What you will do » All of the records must be repeated exactly.
Records for the task Block Start
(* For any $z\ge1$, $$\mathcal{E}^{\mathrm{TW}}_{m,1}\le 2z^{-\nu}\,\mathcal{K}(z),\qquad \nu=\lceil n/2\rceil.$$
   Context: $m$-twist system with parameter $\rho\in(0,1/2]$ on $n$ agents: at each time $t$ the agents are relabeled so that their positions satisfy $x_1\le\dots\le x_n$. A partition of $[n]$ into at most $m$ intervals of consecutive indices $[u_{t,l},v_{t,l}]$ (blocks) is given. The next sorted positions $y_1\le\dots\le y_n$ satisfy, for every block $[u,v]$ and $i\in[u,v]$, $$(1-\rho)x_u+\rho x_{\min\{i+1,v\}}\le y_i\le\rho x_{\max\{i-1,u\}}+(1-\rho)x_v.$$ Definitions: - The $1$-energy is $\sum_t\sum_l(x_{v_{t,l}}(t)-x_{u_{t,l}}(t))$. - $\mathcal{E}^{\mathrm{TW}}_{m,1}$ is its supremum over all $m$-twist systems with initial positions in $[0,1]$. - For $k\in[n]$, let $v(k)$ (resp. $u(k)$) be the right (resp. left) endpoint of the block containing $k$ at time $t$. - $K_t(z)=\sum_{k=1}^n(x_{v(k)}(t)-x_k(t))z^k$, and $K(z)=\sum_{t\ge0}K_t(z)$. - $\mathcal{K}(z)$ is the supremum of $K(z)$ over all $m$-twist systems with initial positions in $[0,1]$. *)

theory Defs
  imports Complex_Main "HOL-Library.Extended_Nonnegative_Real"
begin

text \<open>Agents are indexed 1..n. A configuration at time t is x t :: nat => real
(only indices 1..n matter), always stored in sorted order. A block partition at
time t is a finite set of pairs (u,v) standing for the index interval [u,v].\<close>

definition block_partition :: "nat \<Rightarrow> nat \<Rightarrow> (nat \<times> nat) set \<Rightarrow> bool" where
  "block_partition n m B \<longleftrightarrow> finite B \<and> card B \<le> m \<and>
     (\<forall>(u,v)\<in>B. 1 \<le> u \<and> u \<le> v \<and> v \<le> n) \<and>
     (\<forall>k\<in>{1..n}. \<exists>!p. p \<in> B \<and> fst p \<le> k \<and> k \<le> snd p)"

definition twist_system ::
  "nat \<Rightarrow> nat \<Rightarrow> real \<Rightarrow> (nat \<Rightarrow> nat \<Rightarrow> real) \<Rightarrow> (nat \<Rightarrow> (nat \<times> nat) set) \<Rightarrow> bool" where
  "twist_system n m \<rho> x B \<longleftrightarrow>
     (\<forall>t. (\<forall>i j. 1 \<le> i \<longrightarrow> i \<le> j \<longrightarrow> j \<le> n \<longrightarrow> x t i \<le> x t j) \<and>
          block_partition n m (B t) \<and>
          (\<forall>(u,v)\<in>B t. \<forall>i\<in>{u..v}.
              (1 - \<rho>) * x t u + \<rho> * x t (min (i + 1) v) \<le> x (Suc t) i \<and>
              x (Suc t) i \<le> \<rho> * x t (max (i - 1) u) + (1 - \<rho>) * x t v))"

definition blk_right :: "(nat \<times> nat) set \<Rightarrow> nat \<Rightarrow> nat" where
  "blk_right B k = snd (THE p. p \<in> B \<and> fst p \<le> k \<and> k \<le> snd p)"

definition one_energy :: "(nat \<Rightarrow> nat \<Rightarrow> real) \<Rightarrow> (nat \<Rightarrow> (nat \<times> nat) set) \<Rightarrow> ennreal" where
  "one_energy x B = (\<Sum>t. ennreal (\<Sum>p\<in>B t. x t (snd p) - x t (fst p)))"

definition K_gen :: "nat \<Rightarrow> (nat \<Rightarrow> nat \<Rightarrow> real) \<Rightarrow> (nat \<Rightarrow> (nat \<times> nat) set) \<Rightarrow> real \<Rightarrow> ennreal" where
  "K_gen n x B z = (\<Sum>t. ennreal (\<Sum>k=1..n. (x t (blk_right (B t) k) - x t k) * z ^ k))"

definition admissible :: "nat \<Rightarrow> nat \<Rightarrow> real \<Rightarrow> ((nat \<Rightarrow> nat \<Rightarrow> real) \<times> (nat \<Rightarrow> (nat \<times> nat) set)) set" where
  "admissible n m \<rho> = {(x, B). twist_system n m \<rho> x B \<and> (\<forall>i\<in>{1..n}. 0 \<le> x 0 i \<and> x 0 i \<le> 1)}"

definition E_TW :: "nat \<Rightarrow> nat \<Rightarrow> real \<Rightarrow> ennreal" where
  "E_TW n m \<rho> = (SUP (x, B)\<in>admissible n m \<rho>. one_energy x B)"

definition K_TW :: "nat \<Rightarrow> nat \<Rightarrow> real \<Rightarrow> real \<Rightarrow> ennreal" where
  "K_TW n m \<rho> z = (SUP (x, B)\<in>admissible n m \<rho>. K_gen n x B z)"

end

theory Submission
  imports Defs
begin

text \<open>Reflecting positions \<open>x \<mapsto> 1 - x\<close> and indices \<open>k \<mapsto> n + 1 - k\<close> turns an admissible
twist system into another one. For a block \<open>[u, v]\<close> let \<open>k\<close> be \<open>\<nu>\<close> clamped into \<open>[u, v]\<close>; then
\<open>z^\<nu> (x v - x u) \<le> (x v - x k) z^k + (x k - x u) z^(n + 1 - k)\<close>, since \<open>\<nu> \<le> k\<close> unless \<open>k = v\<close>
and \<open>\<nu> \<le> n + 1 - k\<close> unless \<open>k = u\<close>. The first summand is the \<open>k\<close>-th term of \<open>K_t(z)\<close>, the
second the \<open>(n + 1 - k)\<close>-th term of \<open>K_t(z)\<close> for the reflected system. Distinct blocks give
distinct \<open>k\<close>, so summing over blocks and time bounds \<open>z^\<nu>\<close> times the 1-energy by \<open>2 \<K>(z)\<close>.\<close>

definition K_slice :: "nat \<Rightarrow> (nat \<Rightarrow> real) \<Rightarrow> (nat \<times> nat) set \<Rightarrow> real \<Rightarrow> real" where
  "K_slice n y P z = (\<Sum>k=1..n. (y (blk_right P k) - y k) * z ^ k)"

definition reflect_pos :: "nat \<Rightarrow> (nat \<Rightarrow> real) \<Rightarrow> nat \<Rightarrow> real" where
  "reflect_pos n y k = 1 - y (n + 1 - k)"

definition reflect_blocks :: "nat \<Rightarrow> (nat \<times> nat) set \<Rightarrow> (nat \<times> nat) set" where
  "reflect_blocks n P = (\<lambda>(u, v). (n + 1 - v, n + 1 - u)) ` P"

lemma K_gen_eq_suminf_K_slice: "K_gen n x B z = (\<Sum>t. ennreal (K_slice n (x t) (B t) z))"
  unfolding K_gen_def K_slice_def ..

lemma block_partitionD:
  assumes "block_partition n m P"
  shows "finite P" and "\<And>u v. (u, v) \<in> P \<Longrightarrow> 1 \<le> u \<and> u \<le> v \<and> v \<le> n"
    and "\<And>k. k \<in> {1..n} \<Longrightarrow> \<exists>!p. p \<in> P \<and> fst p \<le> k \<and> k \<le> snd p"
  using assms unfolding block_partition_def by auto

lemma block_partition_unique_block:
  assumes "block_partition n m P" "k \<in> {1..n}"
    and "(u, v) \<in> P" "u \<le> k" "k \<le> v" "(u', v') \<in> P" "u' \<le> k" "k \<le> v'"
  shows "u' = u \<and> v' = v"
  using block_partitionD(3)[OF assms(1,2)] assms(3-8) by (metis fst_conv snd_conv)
Records for the task Block End
Solved problem »
(* For any $z\ge1$, $$\mathcal{E}^{\mathrm{TW}}_{m,1}\le 2z^{-\nu}\,\mathcal{K}(z),\qquad \nu=\lceil n/2\rceil.$$
   Context: $m$-twist system with parameter $\rho\in(0,1/2]$ on $n$ agents: at each time $t$ the agents are relabeled so that their positions satisfy $x_1\le\dots\le x_n$. A partition of $[n]$ into at most $m$ intervals of consecutive indices $[u_{t,l},v_{t,l}]$ (blocks) is given. The next sorted positions $y_1\le\dots\le y_n$ satisfy, for every block $[u,v]$ and $i\in[u,v]$, $$(1-\rho)x_u+\rho x_{\min\{i+1,v\}}\le y_i\le\rho x_{\max\{i-1,u\}}+(1-\rho)x_v.$$ Definitions: - The $1$-energy is $\sum_t\sum_l(x_{v_{t,l}}(t)-x_{u_{t,l}}(t))$. - $\mathcal{E}^{\mathrm{TW}}_{m,1}$ is its supremum over all $m$-twist systems with initial positions in $[0,1]$. - For $k\in[n]$, let $v(k)$ (resp. $u(k)$) be the right (resp. left) endpoint of the block containing $k$ at time $t$. - $K_t(z)=\sum_{k=1}^n(x_{v(k)}(t)-x_k(t))z^k$, and $K(z)=\sum_{t\ge0}K_t(z)$. - $\mathcal{K}(z)$ is the supremum of $K(z)$ over all $m$-twist systems with initial positions in $[0,1]$. *)

theory Defs
  imports Complex_Main "HOL-Library.Extended_Nonnegative_Real"
begin

text \<open>Agents are indexed 1..n. A configuration at time t is x t :: nat => real
(only indices 1..n matter), always stored in sorted order. A block partition at
time t is a finite set of pairs (u,v) standing for the index interval [u,v].\<close>

definition block_partition :: "nat \<Rightarrow> nat \<Rightarrow> (nat \<times> nat) set \<Rightarrow> bool" where
  "block_partition n m B \<longleftrightarrow> finite B \<and> card B \<le> m \<and>
     (\<forall>(u,v)\<in>B. 1 \<le> u \<and> u \<le> v \<and> v \<le> n) \<and>
     (\<forall>k\<in>{1..n}. \<exists>!p. p \<in> B \<and> fst p \<le> k \<and> k \<le> snd p)"

definition twist_system ::
  "nat \<Rightarrow> nat \<Rightarrow> real \<Rightarrow> (nat \<Rightarrow> nat \<Rightarrow> real) \<Rightarrow> (nat \<Rightarrow> (nat \<times> nat) set) \<Rightarrow> bool" where
  "twist_system n m \<rho> x B \<longleftrightarrow>
     (\<forall>t. (\<forall>i j. 1 \<le> i \<longrightarrow> i \<le> j \<longrightarrow> j \<le> n \<longrightarrow> x t i \<le> x t j) \<and>
          block_partition n m (B t) \<and>
          (\<forall>(u,v)\<in>B t. \<forall>i\<in>{u..v}.
              (1 - \<rho>) * x t u + \<rho> * x t (min (i + 1) v) \<le> x (Suc t) i \<and>
              x (Suc t) i \<le> \<rho> * x t (max (i - 1) u) + (1 - \<rho>) * x t v))"

definition blk_right :: "(nat \<times> nat) set \<Rightarrow> nat \<Rightarrow> nat" where
  "blk_right B k = snd (THE p. p \<in> B \<and> fst p \<le> k \<and> k \<le> snd p)"

definition one_energy :: "(nat \<Rightarrow> nat \<Rightarrow> real) \<Rightarrow> (nat \<Rightarrow> (nat \<times> nat) set) \<Rightarrow> ennreal" where
  "one_energy x B = (\<Sum>t. ennreal (\<Sum>p\<in>B t. x t (snd p) - x t (fst p)))"

definition K_gen :: "nat \<Rightarrow> (nat \<Rightarrow> nat \<Rightarrow> real) \<Rightarrow> (nat \<Rightarrow> (nat \<times> nat) set) \<Rightarrow> real \<Rightarrow> ennreal" where
  "K_gen n x B z = (\<Sum>t. ennreal (\<Sum>k=1..n. (x t (blk_right (B t) k) - x t k) * z ^ k))"

definition admissible :: "nat \<Rightarrow> nat \<Rightarrow> real \<Rightarrow> ((nat \<Rightarrow> nat \<Rightarrow> real) \<times> (nat \<Rightarrow> (nat \<times> nat) set)) set" where
  "admissible n m \<rho> = {(x, B). twist_system n m \<rho> x B \<and> (\<forall>i\<in>{1..n}. 0 \<le> x 0 i \<and> x 0 i \<le> 1)}"

definition E_TW :: "nat \<Rightarrow> nat \<Rightarrow> real \<Rightarrow> ennreal" where
  "E_TW n m \<rho> = (SUP (x, B)\<in>admissible n m \<rho>. one_energy x B)"

definition K_TW :: "nat \<Rightarrow> nat \<Rightarrow> real \<Rightarrow> real \<Rightarrow> ennreal" where
  "K_TW n m \<rho> z = (SUP (x, B)\<in>admissible n m \<rho>. K_gen n x B z)"

end

theory Submission
  imports Defs
begin

text \<open>Reflecting positions \<open>x \<mapsto> 1 - x\<close> and indices \<open>k \<mapsto> n + 1 - k\<close> turns an admissible
twist system into another one. For a block \<open>[u, v]\<close> let \<open>k\<close> be \<open>\<nu>\<close> clamped into \<open>[u, v]\<close>; then
\<open>z^\<nu> (x v - x u) \<le> (x v - x k) z^k + (x k - x u) z^(n + 1 - k)\<close>, since \<open>\<nu> \<le> k\<close> unless \<open>k = v\<close>
and \<open>\<nu> \<le> n + 1 - k\<close> unless \<open>k = u\<close>. The first summand is the \<open>k\<close>-th term of \<open>K_t(z)\<close>, the
second the \<open>(n + 1 - k)\<close>-th term of \<open>K_t(z)\<close> for the reflected system. Distinct blocks give
distinct \<open>k\<close>, so summing over blocks and time bounds \<open>z^\<nu>\<close> times the 1-energy by \<open>2 \<K>(z)\<close>.\<close>

definition K_slice :: "nat \<Rightarrow> (nat \<Rightarrow> real) \<Rightarrow> (nat \<times> nat) set \<Rightarrow> real \<Rightarrow> real" where
  "K_slice n y P z = (\<Sum>k=1..n. (y (blk_right P k) - y k) * z ^ k)"

definition reflect_pos :: "nat \<Rightarrow> (nat \<Rightarrow> real) \<Rightarrow> nat \<Rightarrow> real" where
  "reflect_pos n y k = 1 - y (n + 1 - k)"

definition reflect_blocks :: "nat \<Rightarrow> (nat \<times> nat) set \<Rightarrow> (nat \<times> nat) set" where
  "reflect_blocks n P = (\<lambda>(u, v). (n + 1 - v, n + 1 - u)) ` P"

lemma K_gen_eq_suminf_K_slice: "K_gen n x B z = (\<Sum>t. ennreal (K_slice n (x t) (B t) z))"
  unfolding K_gen_def K_slice_def ..

lemma block_partitionD:
  assumes "block_partition n m P"
  shows "finite P" and "\<And>u v. (u, v) \<in> P \<Longrightarrow> 1 \<le> u \<and> u \<le> v \<and> v \<le> n"
    and "\<And>k. k \<in> {1..n} \<Longrightarrow> \<exists>!p. p \<in> P \<and> fst p \<le> k \<and> k \<le> snd p"
  using assms unfolding block_partition_def by auto

lemma block_partition_unique_block:
  assumes "block_partition n m P" "k \<in> {1..n}"
    and "(u, v) \<in> P" "u \<le> k" "k \<le> v" "(u', v') \<in> P" "u' \<le> k" "k \<le> v'"
  shows "u' = u \<and> v' = v"
  using block_partitionD(3)[OF assms(1,2)] assms(3-8) by (metis fst_conv snd_conv)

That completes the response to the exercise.